When a `VinylCache` user configures `spec.storage[].name: s0` — the obvious choice, and the one our README/how-to examples in cdk8s-plone suggested — the operator emits:
```
-s s0=malloc,
```
Combined with the entrypoint's unnamed default (also auto-named `s0`), varnishd fails at startup:
```
Error: (-s s0=malloc,1500000000) 's0' is already defined
(-? gives usage)
```
The pod goes `CrashLoopBackOff` on the next StatefulSet rollout. Because `OrderedReady` blocks replacement, the previous pod (which pre-dates the storage change and still runs with the old argv) stays up, so the degradation can go unnoticed — VCL appears synced, traffic still serves from one replica, but HA is gone.
Impact in prod
Hit a VinylCache in aaf-6 prod yesterday: pod-1 has been `CrashLoopBackOff` for 30h+, pod-0 kept serving from a stale revision. `kubectl get vinylcache` shows `Ready=False` + `Progressing` + `WaitingForReplicas` but status.conditions[VCLSynced]=True, which is misleading — the VCL IS synced to the one old-revision pod that's still up.
Proposal
Reject reserved varnishd storage names in the admission webhook:
```go
var reservedStorageNames = map[string]struct{}{
"s0": {}, // entrypoint's implicit default
"Transient": {}, // varnishd built-in transient storage
}
```
Ideally reject on `spec.storage[].name` at `Create` and `Update`. Reason string e.g.:
Alternatively (heavier) — the operator could detect and strip the entrypoint's default by overriding `command` with `["/usr/sbin/varnishd"]` instead of letting the entrypoint run, removing the implicit `-s` source.

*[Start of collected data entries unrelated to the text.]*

theorem component_family_compose:
  "component_family (a + b) (compose a q G H)
     (product_components G KG H KH good \<union> cell_components a b G H Cs)"
proof (rule component_familyI)
  show "quasigroup_on (a + b) k (compose a q G H)"
    using quasigroup_on_compose[OF family_quasigroup[OF famG] family_quasigroup[OF famH] latin] .
next
  fix X assume "X \<in> product_components G KG H KH good \<union> cell_components a b G H Cs"
  then show "X \<noteq> {} \<and> component (a + b) (compose a q G H) X \<and>
      (\<forall>z\<in>X. compose a q G H z div 2 = pair_class (compose a q G H) X)"
  proof (cases rule: compose_componentE)
    case 1
    then show ?thesis
      using appends_nonempty component_appends compose_div_appends pair_class_appends by simp
  next
    case 2
    then show ?thesis
      using cell_preimage_nonempty component_cell_preimage compose_div_cell_preimage
        pair_class_cell_preimage by simp
  qed
qed (rule compose_components_disjoint)

theorem card_class_compose:
  "card {(K, L) \<in> KG \<times> KH. good (pair_class G K) (pair_class H L) \<and> h (pair_class G K) (pair_class H L) = r}
     + card {C \<in> Cs. cell_class q C = r}
   \<le> card {X \<in> product_components G KG H KH good \<union> cell_components a b G H Cs.
       pair_class (compose a q G H) X = r}"
proof -
  let ?F = "compose a q G H"
  let ?P = "{(K, L) \<in> KG \<times> KH. good (pair_class G K) (pair_class H L) \<and> h (pair_class G K) (pair_class H L) = r}"
  let ?R = "{C \<in> Cs. cell_class q C = r}"
  let ?A = "(\<lambda>(K, L). appends K L) ` ?P" and ?B = "cell_preimage a b G H ` ?R"
  let ?T = "{X \<in> product_components G KG H KH good \<union> cell_components a b G H Cs.
      pair_class ?F X = r}"
  have "?A \<inter> ?B = {}"
    using appends_neq_cell_preimage by fastforce
  moreover have "?A \<subseteq> ?T"
  proof
    fix X assume "X \<in> ?A"
    then obtain K L where "X = appends K L" "K \<in> KG" "L \<in> KH"
      "good (pair_class G K) (pair_class H L)" "h (pair_class G K) (pair_class H L) = r"
      by force
    then show "X \<in> ?T"
      using pair_class_appends unfolding product_components_def by blast
  qed
  moreover have "?B \<subseteq> ?T"
  proof
    fix X assume "X \<in> ?B"
    then obtain C where "X = cell_preimage a b G H C" "C \<in> Cs" "cell_class q C = r"
      by blast
    then show "X \<in> ?T"
      using pair_class_cell_preimage unfolding cell_components_def by blast
  qed
  moreover have "finite ?P"
    using finite_family[OF famG] finite_family[OF famH] by (auto intro: finite_subset[of _ "KG \<times> KH"])
  ultimately have "card ?A + card ?B \<le> card ?T"
    using finite_cell_family[OF cells] finite_family[OF component_family_compose]
    by (simp add: card_Un_disjoint[symmetric] card_mono)
  moreover have "inj_on (\<lambda>(K, L). appends K L) ?P" "inj_on (cell_preimage a b G H) ?R"
    by (rule inj_on_subset[OF inj_on_appends], force) (rule inj_on_subset[OF inj_on_cell_preimage], auto)
  then have "card ?A = card ?P" "card ?B = card ?R"
    by (simp_all add: card_image)
  ultimately show ?thesis by simp
qed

That's invasive and breaks BYO-image compatibility, so webhook validation is the pragmatic option.
Docs angle
Orthogonal but useful: add a one-line guardrail in the CRD field doc for `spec.storage[].name` warning against `s0` / `Transient`. Even with the webhook check, the hint appears in `kubectl explain vinylcache.spec.storage.name` and in generated docs.
Test plan
Context
cdk8s-plone's existing How-To and docstrings use `s0` as the example name (bluedynamics/cdk8s-plone#148). I'll update those to use `cache` once this is fixed upstream, so the two repos stay in sync.